What happened in Parliament?

  • The question was posed in the Rajya Sabha by BJP MP Ajay Pratap Singh.
  • He also asked whether any survey had been conducted to find out the number of farmer families.
  • In a written response, the Agriculture Minister evaded giving any definition of a farmer.
  • He instead said that agriculture was a State subject.
  • He provided data on the number of agricultural landholdings.
  • He noted that the Centre provides income support to all farmer families who own cultivable land via the PM-KISAN scheme.
  • In the following discussion, MPs pointed out that the number of land holdings do not necessarily equate with the number of farming households.

What is the definition in the National Policy?

  • There is a clear and comprehensive definition available in the National Policy for Farmers.
  • [The policy emphasises the need to substantially increase the net income of farmers.
  • It also aims at developing support services for them, using that comprehensive definition.
  • It was drafted by the National Commission of Farmers headed by M.S. Swaminathan.]
  • The definition was officially approved by the Centre in 2007 following consultations with the States, for the purpose of the Policy.
  • Accordingly, the term ‘FARMER’ will refer to a person actively engaged in the economic and/or livelihood activity of growing crops.
  • It will also apply to those producing other primary agricultural commodities.
  • It will include all agricultural operational holders, cultivators, agricultural labourers, sharecroppers, tenants, poultry and livestock rearers, fishers.
  • Others include beekeepers, gardeners, pastoralists, non-corporate planters and planting labourers.
  • Besides these, those engaged in various farming related occupations such as sericulture, vermiculture and agro-forestry are also covered.
  • The term will also include tribal families/persons engaged in shifting cultivation and in the collection, use and sale of minor and non-timber forest produce.

What is in practice?

  • There is a deliberate attempt at avoiding this pre-existing official definition.
  • In practice, those who cultivate or work on the land but do not own it are excluded from the definition of farmers.
  • Thus, dairy farmers, fisherfolk, fruit and flower growers would not fit into it.
  • Also, landless agricultural workers who cultivate the land belonging to others would not come under it.

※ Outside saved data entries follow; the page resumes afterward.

(* Let $f\in\mathbb R[x_1,\ldots,x_d]$ be a convenient non-degenerate weighted homogeneous polynomial and let $\delta_i$ be the exponent of the pure monomial $x_i^{\delta_i}$ of $f$. Let $B_f(T)=\frac{(\mathbb L-\mathbb 1)^d}{\mathbb 1-T}\sum_{\tau\in\Gamma_f^c}S_{\sigma(\tau)}(T)$. Then, in $\widehat{\mathcal M}[[T]]$, $$B_f(T)-\frac{T}{\mathbb 1-T}=-\sum_{m\ge1}\mathbb L^{-\sum_{i=1}^d\lfloor m/\delta_i\rfloor}T^m.$$
   Context: $\mathcal{AS}$-sets: semialgebraic $S\subset\mathbb P^n_{\mathbb R}$ such that for every real analytic arc $\gamma:(-1,1)\to\mathbb P^n_{\mathbb R}$ with $\gamma((-1,0))\subset S$ there is $\varepsilon>0$ with $\gamma((0,\varepsilon))\subset S$. $K_0(\mathcal{AS})$ is their Grothendieck ring (scissor relations, bijections with $\mathcal{AS}$ graph, cartesian product). For $n\ge1$, $K_0(\mathcal{AS}^n_{\mathrm{mon}})$ is the Grothendieck group of symbols $[\varphi_X:\mathbb R^*\circlearrowright X\to\mathbb R^*]$ ($X$ an $\mathcal{AS}$-set with $\mathbb R^*$-action and $\varphi_X$ both with $\mathcal{AS}$ graphs, $\varphi_X(\lambda x)=\lambda^n\varphi_X(x)$), modulo equivariant $\mathcal{AS}$-bijections over $\mathbb R^*$, scissor relations for invariant closed $\mathcal{AS}$-subsets, and independence of the choice of lifting of the action to $Y\times\mathbb R^m$ for symbols $\varphi_Y\circ\operatorname{pr}_Y$; product is fiber product over $\mathbb R^*$; $K_0(\mathcal{AS})$ acts by $[A]\cdot[\varphi_X]=[\varphi_X\circ\operatorname{pr}_X:A\times X\to\mathbb R^*]$ (trivial action on $A$). $K_0(\mathcal{AS}_{\mathrm{mon}})=\varinjlim_n K_0(\mathcal{AS}^n_{\mathrm{mon}})$ (for $n=km$, a level-$m$ action $\lambda\cdot x$ becomes $\lambda^k\cdot x$). $\mathbb 1=[\mathrm{id}:\mathbb R^*\to\mathbb R^*]$ with $\lambda\cdot r=\lambda r$, $\mathbb L=[\mathbb R]\cdot\mathbb 1$, $\mathcal M=K_0(\mathcal{AS}_{\mathrm{mon}})[\mathbb L^{-1}]$, and $\widehat{\mathcal M}$ is the completion of $\mathcal M$ with respect to the filtration $\mathcal F^m\mathcal M$ spanned by $[S]\mathbb L^{-i}$ with $i-\dim S\ge m$. For $f=\sum c_\nu x^\nu$: $\Gamma_f=\operatorname{Conv}(\bigcup_{c_\nu\neq0}(\nu+\mathbb R^d_{\ge0}))$ is the Newton polyhedron, $\Gamma_f^c$ its set of compact faces, $f_\tau=\sum_{\nu\in\tau}c_\nu x^\nu$, $m(k)=\inf\{k\cdot x:x\in\Gamma_f\}$, $\sigma(\tau)=\{k\in\mathbb R^d_{\ge0}:\{x\in\Gamma_f:k\cdot x=m(k)\}=\tau\}$, $S_{\sigma(\tau)}(T)=\sum_{k\in\sigma(\tau)\cap\mathbb N^d}\mathbb L^{-|k|}T^{m(k)}$, $|k|=\sum_ik_i$. $f$ is convenient if each $x_i^{\delta_i}$ ($\delta_i\ge1$) appears in $f$; non-degenerate if for every $\tau\in\Gamma_f^c$ the partials of $f_\tau$ have no common zero in $(\mathbb R^* )^d$; weighted homogeneous if $f(\lambda^{w_1}x_1,\ldots,\lambda^{w_d}x_d)=\lambda^wf(x)$ for some $w_i,w\in\mathbb N_{>0}$ and all $\lambda\in\mathbb R$. *)

theory Defs
  imports "HOL-Analysis.Analysis" "HOL-Computational_Algebra.Formal_Laurent_Series"
begin

text \<open>Real polynomials in the variables x_i, i ranging over a finite index type 'n
  (so d = CARD('n)), are represented by their coefficient function
  c :: ('n \<Rightarrow> nat) \<Rightarrow> real (exponent vector \<mapsto> coefficient), of finite support.\<close>

definition mono_supp :: "(('n::finite \<Rightarrow> nat) \<Rightarrow> real) \<Rightarrow> ('n \<Rightarrow> nat) set" where
  "mono_supp c = {\<nu>. c \<nu> \<noteq> 0}"
(* Let $N\in\mathbb N$ and let $\Pi$ be a set of two-coloured partitions containing the four mixed-coloured pair partitions. Let $x=(x_1,\dots,x_N)^T$ be the generators of $C(X_N(\Pi))$ and $u=(u_{ij})$ the fundamental matrix of $G_N(\Pi)$. Then $x_i\mapsto u_{i1}$, $1\le i\le N$, defines a unital $*$-homomorphism $C(X_N(\Pi))\to C(G_N(\Pi))$.
   Context: $[n]:=\{1,\dots,n\}$; $[N]^0=\{\epsilon\}$. A two-coloured partition on $k$ upper and $l$ lower points is a partition of the $k$ upper and $l$ lower points (each row ordered left to right) into non-empty disjoint blocks, each point coloured $1$ (white) or $*$ (black); $\mathcal P(\omega,\omega')$ denotes those with upper colour word $\omega\in\{1,*\}^k$ and lower colour word $\omega'\in\{1,*\}^l$. A through-block contains upper and lower points; $tb(p)$ is their number. A row labeling (labels left to right in $[N]$) is valid if points of that row in a common block carry equal labels; $\epsilon$ is valid. Decomposition of labelings of $p$: $T_0$ (resp. $T'_0$) = invalid upper (resp. lower) row labelings; $r=N^{tb(p)}$; enumerate the assignments of labels in $[N]$ to the through-blocks as $1,\dots,r$; $T_i$ (resp. $T'_i$) = valid upper (resp. lower) row labelings giving each through-block the label of the $i$-th assignment. $a^1:=a$, $a^*$ = adjoint; empty products equal $\mathbb 1$. Mixed-coloured pair partitions: the four partitions consisting of a single block of two points of opposite colours, both in the upper row or both in the lower row. Relations $R^{Gr}_p(u)$ for an $N\times N$ matrix $u$ and $p\in\mathcal P(\omega,\omega')$: (i) $\sum_{t\in T_i}u_{t_1\gamma_1}^{\omega_1}\cdots u_{t_k\gamma_k}^{\omega_k}=\sum_{t'\in T'_j}u_{\gamma'_1t'_1}^{\omega'_1}\cdots u_{\gamma'_lt'_l}^{\omega'_l}$ for $1\le i,j\le r$, $\gamma\in T_j$, $\gamma'\in T'_i$; (ii) $\sum_{t\in T_i}u_{t_1\gamma_1}^{\omega_1}\cdots u_{t_k\gamma_k}^{\omega_k}=0$ for $\gamma\in T_0$, $1\le i\le r$; (iii) $\sum_{t'\in T'_j}u_{\gamma'_1t'_1}^{\omega'_1}\cdots u_{\gamma'_lt'_l}^{\omega'_l}=0$ for $\gamma'\in T'_0$, $1\le j\le r$. $C(G_N(\Pi))$ is the universal unital $C^*$-algebra generated by $u_{ij}$ ($1\le i,j\le N$) subject to $R^{Gr}_p(u)$ for all $p\in\Pi$ (easy quantum group $G_N(\Pi)$). Relations $R^{Sp}_p(x)$ for a vector $x=(x_1,\dots,x_N)$ and $p\in\mathcal P(\omega,\omega')$: $\sum_{t\in T_i}x_{t_1}^{\omega_1}\cdots x_{t_k}^{\omega_k}=\sum_{t'\in T'_i}x_{t'_1}^{\omega'_1}\cdots x_{t'_l}^{\omega'_l}$ for all $1\le i\le r$. $C(X_N(\Pi))$ is the universal unital $C^*$-algebra generated by $x_1,\dots,x_N$ subject to $R^{Sp}_p(x)$ for all $p\in\Pi$ (partition quantum space of one vector; it exists since the relations force $\sum_i x_ix_i^*=\mathbb 1$). *)

theory Defs
  imports Complex_Main "HOL-Library.Disjoint_Sets" "HOL-Library.FuncSet"
begin

class unital_cstar_algebra = banach + real_normed_algebra_1 +
  fixes scaleC :: "complex \<Rightarrow> 'a \<Rightarrow> 'a"
  fixes adj :: "'a \<Rightarrow> 'a"
  assumes scaleC_add_right: "scaleC c (x + y) = scaleC c x + scaleC c y"
    and scaleC_add_left: "scaleC (c + d) x = scaleC c x + scaleC d x"
    and scaleC_scaleC: "scaleC c (scaleC d x) = scaleC (c * d) x"
    and scaleC_one: "scaleC 1 x = x"
    and scaleR_scaleC: "scaleR r x = scaleC (complex_of_real r) x"
    and norm_scaleC: "norm (scaleC c x) = cmod c * norm x"
    and scaleC_mult_left: "scaleC c (x * y) = scaleC c x * y"
    and scaleC_mult_right: "scaleC c (x * y) = x * scaleC c y"
    and adj_adj: "adj (adj x) = x"
    and adj_add: "adj (x + y) = adj x + adj y"
    and adj_scaleC: "adj (scaleC c x) = scaleC (cnj c) (adj x)"
    and adj_mult: "adj (x * y) = adj y * adj x"
    and cstar_identity: "norm (adj x * x) = norm x * norm x"

datatype colour = White | Black

definition cpow :: "colour \<Rightarrow> 'a::unital_cstar_algebra \<Rightarrow> 'a" where
  "cpow c a = (case c of White \<Rightarrow> a | Black \<Rightarrow> adj a)"

text \<open>A two-coloured partition: upper colour word (length k), lower colour word (length l),
  and blocks on the points; upper point i (0-based) is Inl i, lower point j is Inr j.\<close>

datatype tcpart = TCP (up_col: "colour list") (lo_col: "colour list") (blocks: "(nat + nat) set set")

definition points :: "tcpart \<Rightarrow> (nat + nat) set" where
  "points p = Inl ` {..<length (up_col p)} \<union> Inr ` {..<length (lo_col p)}"

definition wf_tcpart :: "tcpart \<Rightarrow> bool" where
  "wf_tcpart p \<longleftrightarrow> partition_on (points p) (blocks p)"

definition through_blocks :: "tcpart \<Rightarrow> (nat + nat) set set" where
  "through_blocks p = {B \<in> blocks p. (\<exists>i. Inl i \<in> B) \<and> (\<exists>j. Inr j \<in> B)}"

definition mixed_pair_partitions :: "tcpart set" where
  "mixed_pair_partitions =
     {TCP [White, Black] [] {{Inl 0, Inl 1}}, TCP [Black, White] [] {{Inl 0, Inl 1}},
      TCP [] [White, Black] {{Inr 0, Inr 1}}, TCP [] [Black, White] {{Inr 0, Inr 1}}}"

text \<open>Row labelings with labels in [N] = {1..N}; labels left to right, as lists (0-based positions).\<close>
definition labelings :: "nat \<Rightarrow> nat \<Rightarrow> nat list set" where
  "labelings N k = {t. length t = k \<and> set t \<subseteq> {1..N}}"

definition valid_upper :: "tcpart \<Rightarrow> nat list \<Rightarrow> bool" where
  "valid_upper p t \<longleftrightarrow> (\<forall>B\<in>blocks p. \<forall>i j. Inl i \<in> B \<longrightarrow> Inl j \<in> B \<longrightarrow> t ! i = t ! j)"

definition valid_lower :: "tcpart \<Rightarrow> nat list \<Rightarrow> bool" where
  "valid_lower p t \<longleftrightarrow> (\<forall>B\<in>blocks p. \<forall>i j. Inr i \<in> B \<longrightarrow> Inr j \<in> B \<longrightarrow> t ! i = t ! j)"

text \<open>Assignments of labels in [N] to the through-blocks (these replace the enumeration 1..r).\<close>
definition assignments :: "tcpart \<Rightarrow> nat \<Rightarrow> ((nat + nat) set \<Rightarrow> nat) set" where
  "assignments p N = PiE (through_blocks p) (\<lambda>_. {1..N})"

definition T0_up :: "tcpart \<Rightarrow> nat \<Rightarrow> nat list set" where
  "T0_up p N = {t \<in> labelings N (length (up_col p)). \<not> valid_upper p t}"

definition T0_lo :: "tcpart \<Rightarrow> nat \<Rightarrow> nat list set" where
  "T0_lo p N = {t \<in> labelings N (length (lo_col p)). \<not> valid_lower p t}"

definition T_up :: "tcpart \<Rightarrow> nat \<Rightarrow> ((nat + nat) set \<Rightarrow> nat) \<Rightarrow> nat list set" where
  "T_up p N a = {t \<in> labelings N (length (up_col p)). valid_upper p t \<and>
     (\<forall>B\<in>through_blocks p. \<forall>i. Inl i \<in> B \<longrightarrow> t ! i = a B)}"

definition T_lo :: "tcpart \<Rightarrow> nat \<Rightarrow> ((nat + nat) set \<Rightarrow> nat) \<Rightarrow> nat list set" where
  "T_lo p N a = {t \<in> labelings N (length (lo_col p)). valid_lower p t \<and>
     (\<forall>B\<in>through_blocks p. \<forall>j. Inr j \<in> B \<longrightarrow> t ! j = a B)}"

definition up_mono :: "tcpart \<Rightarrow> (nat \<Rightarrow> nat \<Rightarrow> 'a::unital_cstar_algebra) \<Rightarrow> nat list \<Rightarrow> nat list \<Rightarrow> 'a" where
  "up_mono p u t g = prod_list (map (\<lambda>m. cpow (up_col p ! m) (u (t ! m) (g ! m))) [0..<length (up_col p)])"

definition lo_mono :: "tcpart \<Rightarrow> (nat \<Rightarrow> nat \<Rightarrow> 'a::unital_cstar_algebra) \<Rightarrow> nat list \<Rightarrow> nat list \<Rightarrow> 'a" where
  "lo_mono p u g t = prod_list (map (\<lambda>m. cpow (lo_col p ! m) (u (g ! m) (t ! m))) [0..<length (lo_col p)])"

definition R_Gr :: "nat \<Rightarrow> tcpart \<Rightarrow> (nat \<Rightarrow> nat \<Rightarrow> 'a::unital_cstar_algebra) \<Rightarrow> bool" where
  "R_Gr N p u \<longleftrightarrow>
     (\<forall>a\<in>assignments p N. \<forall>b\<in>assignments p N. \<forall>g\<in>T_up p N b. \<forall>g'\<in>T_lo p N a.
        (\<Sum>t\<in>T_up p N a. up_mono p u t g) = (\<Sum>t'\<in>T_lo p N b. lo_mono p u g' t')) \<and>
     (\<forall>g\<in>T0_up p N. \<forall>a\<in>assignments p N. (\<Sum>t\<in>T_up p N a. up_mono p u t g) = 0) \<and>
     (\<forall>g'\<in>T0_lo p N. \<forall>b\<in>assignments p N. (\<Sum>t'\<in>T_lo p N b. lo_mono p u g' t') = 0)"

definition vec_mono :: "colour list \<Rightarrow> (nat \<Rightarrow> 'a::unital_cstar_algebra) \<Rightarrow> nat list \<Rightarrow> 'a" where
  "vec_mono w x t = prod_list (map (\<lambda>m. cpow (w ! m) (x (t ! m))) [0..<length w])"

definition R_Sp :: "nat \<Rightarrow> tcpart \<Rightarrow> (nat \<Rightarrow> 'a::unital_cstar_algebra) \<Rightarrow> bool" where
  "R_Sp N p x \<longleftrightarrow>
     (\<forall>a\<in>assignments p N.
        (\<Sum>t\<in>T_up p N a. vec_mono (up_col p) x t) = (\<Sum>t'\<in>T_lo p N a. vec_mono (lo_col p) x t'))"

end

(* The relations R^Gr_p(u) say that the 0-1 matrix T_p of p intertwines the coloured tensor
   powers of u: T_p u^(k) = u^(l) T_p. The mixed pair partitions make u and its conjugate
   unitary, hence every coloured tensor power of u is unitary. Grouping labelings by the labels
   they put on the through-blocks turns the intertwining relation into a matrix F indexed by
   assignments, and unitarity of u^(k), together with the fact that all sets T_a have the same
   size, gives F F^* = 1. For x the j-th column of u, the upper side of R^Sp_p(x) at an
   assignment c is then F(c, e), e the constant assignment j, while unitarity of u^(l) shows
   that the adjoint of the lower side is F(c, e)^*. *)

theory Submission
  imports Defs
begin

lemma adj_zero [simp]: "adj (0::'a::unital_cstar_algebra) = 0"
proof -
  have "adj (0::'a) = adj 0 + adj 0"
    using adj_add[of "0::'a" 0] by simp
  then show ?thesis by simp
qed

lemma adj_one [simp]: "adj (1::'a::unital_cstar_algebra) = 1"
proof -
  have "adj (1::'a) = adj (adj 1) * adj 1"
    by (simp only: adj_adj mult_1_left)
  also have "\<dots> = 1"
    by (subst adj_mult[symmetric]) (simp add: adj_adj)
  finally show ?thesis .
qed

lemma adj_sum: "adj (sum f A) = (\<Sum>x\<in>A. adj (f x :: 'a::unital_cstar_algebra))"
  by (induction A rule: infinite_finite_induct) (auto simp: adj_add)

lemma labelings_0 [simp]: "labelings N 0 = {[]}"
  by (auto simp: labelings_def)

lemma Cons_in_labelings_iff: "x # t \<in> labelings N (Suc n) \<longleftrightarrow> x \<in> {1..N} \<and> t \<in> labelings N n"
  by (auto simp: labelings_def)

lemma labelings_Suc: "labelings N (Suc n) = (\<lambda>(x, t). x # t) ` ({1..N} \<times> labelings N n)"
  by (auto simp: labelings_def image_iff length_Suc_conv)

lemma finite_labelings [simp]: "finite (labelings N n)"
  by (induction n) (auto simp: labelings_Suc)

lemma sum_labelings_Suc:
  "sum f (labelings N (Suc n)) = (\<Sum>x\<in>{1..N}. \<Sum>t\<in>labelings N n. f (x # t))"
proof -
  have "inj_on (\<lambda>(x, t). x # t) ({1..N} \<times> labelings N n)"
    by (auto simp: inj_on_def)
  then show ?thesis
    by (simp add: labelings_Suc sum.reindex sum.cartesian_product split_def)
qed

lemma nth_in_labelings: "t \<in> labelings N n \<Longrightarrow> i < n \<Longrightarrow> t ! i \<in> {1..N}"
  unfolding labelings_def using nth_mem by blast

lemma labelingsI: "length t = n \<Longrightarrow> (\<And>i. i < n \<Longrightarrow> t ! i \<in> {1..N}) \<Longrightarrow> t \<in> labelings N n"
  by (auto simp: labelings_def in_set_conv_nth)

lemma replicate_in_labelings: "x \<in> {1..N} \<Longrightarrow> replicate n x \<in> labelings N n"
  by (auto simp: labelings_def)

What are the implications of this?

  • The government’s ambiguity has serious implications for the design and beneficiaries of the schemes meant to help them.
  • According to Census 2011, there are 11.8 crore cultivators and 14.4 crore agricultural workers.
  • The excluded ones do not get access to agricultural credit and interest subvention for farm loans.
  • Crop insurance and loan waivers go to loanees so they are left out of that as well.
  • Most schemes meant for farmers’ welfare, including the procurement of wheat and paddy at MSP, are effectively available only for land owners.
  • Access to subsidised crop inputs is difficult without identification as farmers.
  • In the event of crop failure too, compensation is only given to owners.
  • Tax exemption is usually claimed by owners who give an unverified affidavit that they cultivate the land.
  • Direct income support schemes such as PM-KISAN  (Pradhan Mantri Kisan Samman Nidhi) are also limited to owners.
  • Those who work on the land may not be identified as farmers for the purposes of counting farmer suicides.
  • Women – Linking the identity of a farmer to land ownership has devastating consequences for another category – women farmers.
  • Some studies estimate that 60%-70% of farmers are actually women, but their names are rarely on ownership documents.

What does this call for?

  • The definition of a farmer is not merely a philosophical or semantic question, but rather has practical implications.
  • There is a need to convert the M.S. Swaminathan Commission’s definition into a legal and actionable tool for identification.
  • Already, the revenue department is supposed to annually record who is actually cultivating each piece of land.
  • In an era of GPS, GIS and Aadhaar, this should not be that difficult. It simply takes political will.
  • Apart from adding inclusion criteria other than land-ownership, the Centre must add exclusion criteria so that absentee landlords are left out.